Sheldrake v DPP
Jurisdiction | UK Non-devolved |
Judge | LORD BINGHAM OF CORNHILL |
Judgment Date | 14 October 2004 |
Neutral Citation | [2004] UKHL 43 |
Court | House of Lords |
Date | 14 October 2004 |
(Criminal Appeal from Her Majesty's High Court of Justice)
(Conjoined Appeals)
[2004] UKHL 43
The Appellate Committee comprised:
Lord Bingham of Cornhill
Lord Steyn
Lord Phillips of Worth Matravers
Lord Rodger of Earlsferry
Lord Carswell
HOUSE OF LORDS
My Lords,
Sections 5(2) of the Road Traffic Act 1988 and 11(2) of the Terrorism Act 2000, conventionally interpreted, impose a legal or persuasive burden on a defendant in criminal proceedings to prove the matters respectively specified in those subsections if he is to be exonerated from liability on the grounds there provided. That means that he must, to be exonerated, establish those matters on the balance of probabilities.
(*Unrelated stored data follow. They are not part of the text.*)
lemma psi_deg:
  assumes "\<forall>i\<in>{1, 2, 3}. z i \<in> Sig 1"
  shows "psi q st z N t \<in> Sig (- N)"
proof (cases "t \<in> idx N")
  case True
  then obtain j k l where t: "t = (j, k, l)" and n: "j + k + l = nat \<bar>N\<bar>"
    by (cases t) (auto simp: idx_def)
  have "psi_star q st z N t \<in> Sig N"
  proof (cases "0 \<le> N")
    case True
    then show ?thesis
      using deg_scaleR[OF zmono_deg[OF assms, of j k l]] n by (simp add: t psi_star_def)
  next
    case False
    then show ?thesis
      using deg_scaleR[OF deg_st[OF zmono_deg[OF assms, of j k l]]] n by (simp add: t psi_star_def)
  qed
  then show ?thesis
    using True deg_st by (simp add: psi_def)
qed (simp add: psi_def deg_zero)

end

theorem proposition3p2:
  fixes q :: real and st :: "'a::real_algebra_1 \<Rightarrow> 'a" and z :: "nat \<Rightarrow> 'a"
    and Sig :: "int \<Rightarrow> 'a set" and N :: int
  assumes "0 < q" and "q < 1"
    and "star_alg st" and "S5q_rels q st z" and "Z_grading st Sig"
    and "\<forall>i\<in>{1,2,3}. z i \<in> Sig 1"
  defines "\<Psi> \<equiv> psi q st z N" and "P \<equiv> Pmat q st z N"
    and "\<Psi>' \<equiv> psi q st z (- N)" and "P' \<equiv> Pmat q st z (- N)"
    and "M \<equiv> {(\<lambda>t. \<Sum>s\<in>idx N. Pmat q st z N t s * w s) | w. w \<in> vecs Sig N}"
    and "\<phi> \<equiv> (\<lambda>v. \<Sum>t\<in>idx N. st (psi q st z N t) * v t)"
    and "L \<equiv> {(\<lambda>s. \<Sum>t\<in>idx (- N). w t * Pmat q st z (- N) t s) | w. w \<in> vecs Sig (- N)}"
    and "\<chi> \<equiv> (\<lambda>v. \<Sum>t\<in>idx (- N). v t * psi q st z (- N) t)"
  shows
    "card (idx N) = dN N \<and>
     (\<Sum>t\<in>idx N. st (\<Psi> t) * \<Psi> t) = 1 \<and>
     (\<forall>t\<in>idx N. \<forall>s\<in>idx N. P t s \<in> Sig 0) \<and>
     (\<forall>t\<in>idx N. \<forall>s\<in>idx N. (\<Sum>u\<in>idx N. P t u * P u s) = P t s) \<and>
     (\<forall>t\<in>idx N. \<forall>s\<in>idx N. st (P s t) = P t s) \<and>
     bij_betw \<phi> M (Sig N) \<and>
     (\<forall>v\<in>M. \<forall>w\<in>M. (\<lambda>t. v t + w t) \<in> M \<and> \<phi> (\<lambda>t. v t + w t) = \<phi> v + \<phi> w) \<and>
     (\<forall>v\<in>M. \<forall>b\<in>Sig 0. (\<lambda>t. v t * b) \<in> M \<and> \<phi> (\<lambda>t. v t * b) = \<phi> v * b) \<and>
     (\<forall>a\<in>Sig N. (\<lambda>t. \<Psi> t * a) \<in> M \<and> \<phi> (\<lambda>t. \<Psi> t * a) = a) \<and>
     (\<forall>v\<in>M. (\<lambda>t. \<Psi> t * \<phi> v) = v) \<and>
     bij_betw \<chi> L (Sig N) \<and>
     (\<forall>v\<in>L. \<forall>w\<in>L. (\<lambda>t. v t + w t) \<in> L \<and> \<chi> (\<lambda>t. v t + w t) = \<chi> v + \<chi> w) \<and>
     (\<forall>v\<in>L. \<forall>b\<in>Sig 0. (\<lambda>t. b * v t) \<in> L \<and> \<chi> (\<lambda>t. b * v t) = b * \<chi> v) \<and>
     (\<forall>a\<in>Sig N. (\<lambda>t. a * st (\<Psi>' t)) \<in> L \<and> \<chi> (\<lambda>t. a * st (\<Psi>' t)) = a) \<and>
     (\<forall>v\<in>L. (\<lambda>t. \<chi> v * st (\<Psi>' t)) = v)"
proof -
  interpret quantum_sphere st q z
    using assms(1-4) by unfold_locales
  interpret graded_star_algebra st Sig
    using assms(5) by unfold_locales
  interpret col: isometric_column st Sig "idx N" \<Psi> "- N"
    unfolding \<Psi>_def using psi_unit psi_deg[OF assms(6)] by unfold_locales (simp_all add: psi_def)
  interpret row: isometric_column st Sig "idx (- N)" \<Psi>' N
    unfolding \<Psi>'_def using psi_unit psi_deg[OF assms(6), where N = "- N"]
    by unfold_locales (simp_all add: psi_def)
  have vecs: "vecs Sig n = vecs_on Sig (idx n)" for n
    by (simp add: vecs_def vecs_on_def)
  have card: "card (idx N) = dN N"
    by (simp add: idx_idxn card_idxn dN_def)
  have proj: "\<forall>t\<in>idx N. \<forall>s\<in>idx N. P t s \<in> Sig 0 \<and> (\<Sum>u\<in>idx N. P t u * P u s) = P t s
      \<and> st (P s t) = P t s"
    unfolding P_def Pmat_def \<Psi>_def[symmetric] using col.proj_deg col.proj_idem col.proj_selfadjoint by simp
  have M_eq: "M = {(\<lambda>t. \<Sum>s\<in>idx N. \<Psi> t * st (\<Psi> s) * w s) | w. w \<in> vecs_on Sig (idx N)}"
    "\<phi> = (\<lambda>v. \<Sum>t\<in>idx N. st (\<Psi> t) * v t)"
    unfolding M_def \<phi>_def Pmat_def \<Psi>_def vecs by simp_all
  have L_eq: "L = {(\<lambda>s. \<Sum>t\<in>idx (- N). w t * (\<Psi>' t * st (\<Psi>' s))) | w. w \<in> vecs_on Sig (idx (- N))}"
    "\<chi> = (\<lambda>v. \<Sum>t\<in>idx (- N). v t * \<Psi>' t)"
    unfolding L_def \<chi>_def Pmat_def \<Psi>'_def vecs by simp_all
  show ?thesis
    using card col.unit proj col.right_module[OF M_eq] row.left_module[OF L_eq] by simp
qed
If he fails to discharge that burden he will be convicted. In this appeal by the Director of Public Prosecutions and this reference by the Attorney General these reverse burdens ("reverse" because the burden is placed on the defendant and not, as ordinarily in criminal proceedings, on the prosecutor) are challenged as incompatible with the presumption of innocence guaranteed by article 6(2) of the European Convention for the Protection of Human Rights and Fundamental Freedoms (1953) (Cmd 8969). Thus the first question for consideration in each case is whether the provision in question does, unjustifiably, infringe the presumption of innocence. If it does the further question arises whether the provision can and should be read down in accordance with the courts' interpretative obligation under section 3 of the Human Rights Act 1998 so as to impose an evidential and not a legal burden on the defendant. An evidential burden is not a burden of proof. It is a burden of raising, on the evidence in the case, an issue as to the matter in question fit for consideration by the tribunal of fact. If an issue is properly raised, it is for the prosecutor to prove, beyond reasonable doubt, that that ground of exoneration does not avail the defendant.
Before turning to the facts of these two cases it is necessary to place them in their legal context. To this end I shall briefly review the pre-Convention law of England and Wales, the Strasbourg jurisprudence as it has so far developed and some of the leading cases decided in the United Kingdom since the Convention was incorporated into our domestic law by the Human Rights Act 1998.
The pre-Convention law of England and Wales
The governing principle of English criminal law, memorably affirmed by Viscount Sankey LC in Woolmington v Director of Public Prosecutions [1935] AC 462, 481, is that the onus lies upon the prosecution in a criminal trial to prove all the elements of the offence with which the accused is charged. This principle has been regarded as supremely important, but not as absolute. Viscount Sankey acknowledged (p 475) the authority of M'Naghten's Case (1843) 10 Cl & Fin 200 which had "definitely and exceptionally" placed an onus on the accused to establish a defence of insanity. He further acknowledged (p 481) that his statement of principle was "subject also to any statutory exception".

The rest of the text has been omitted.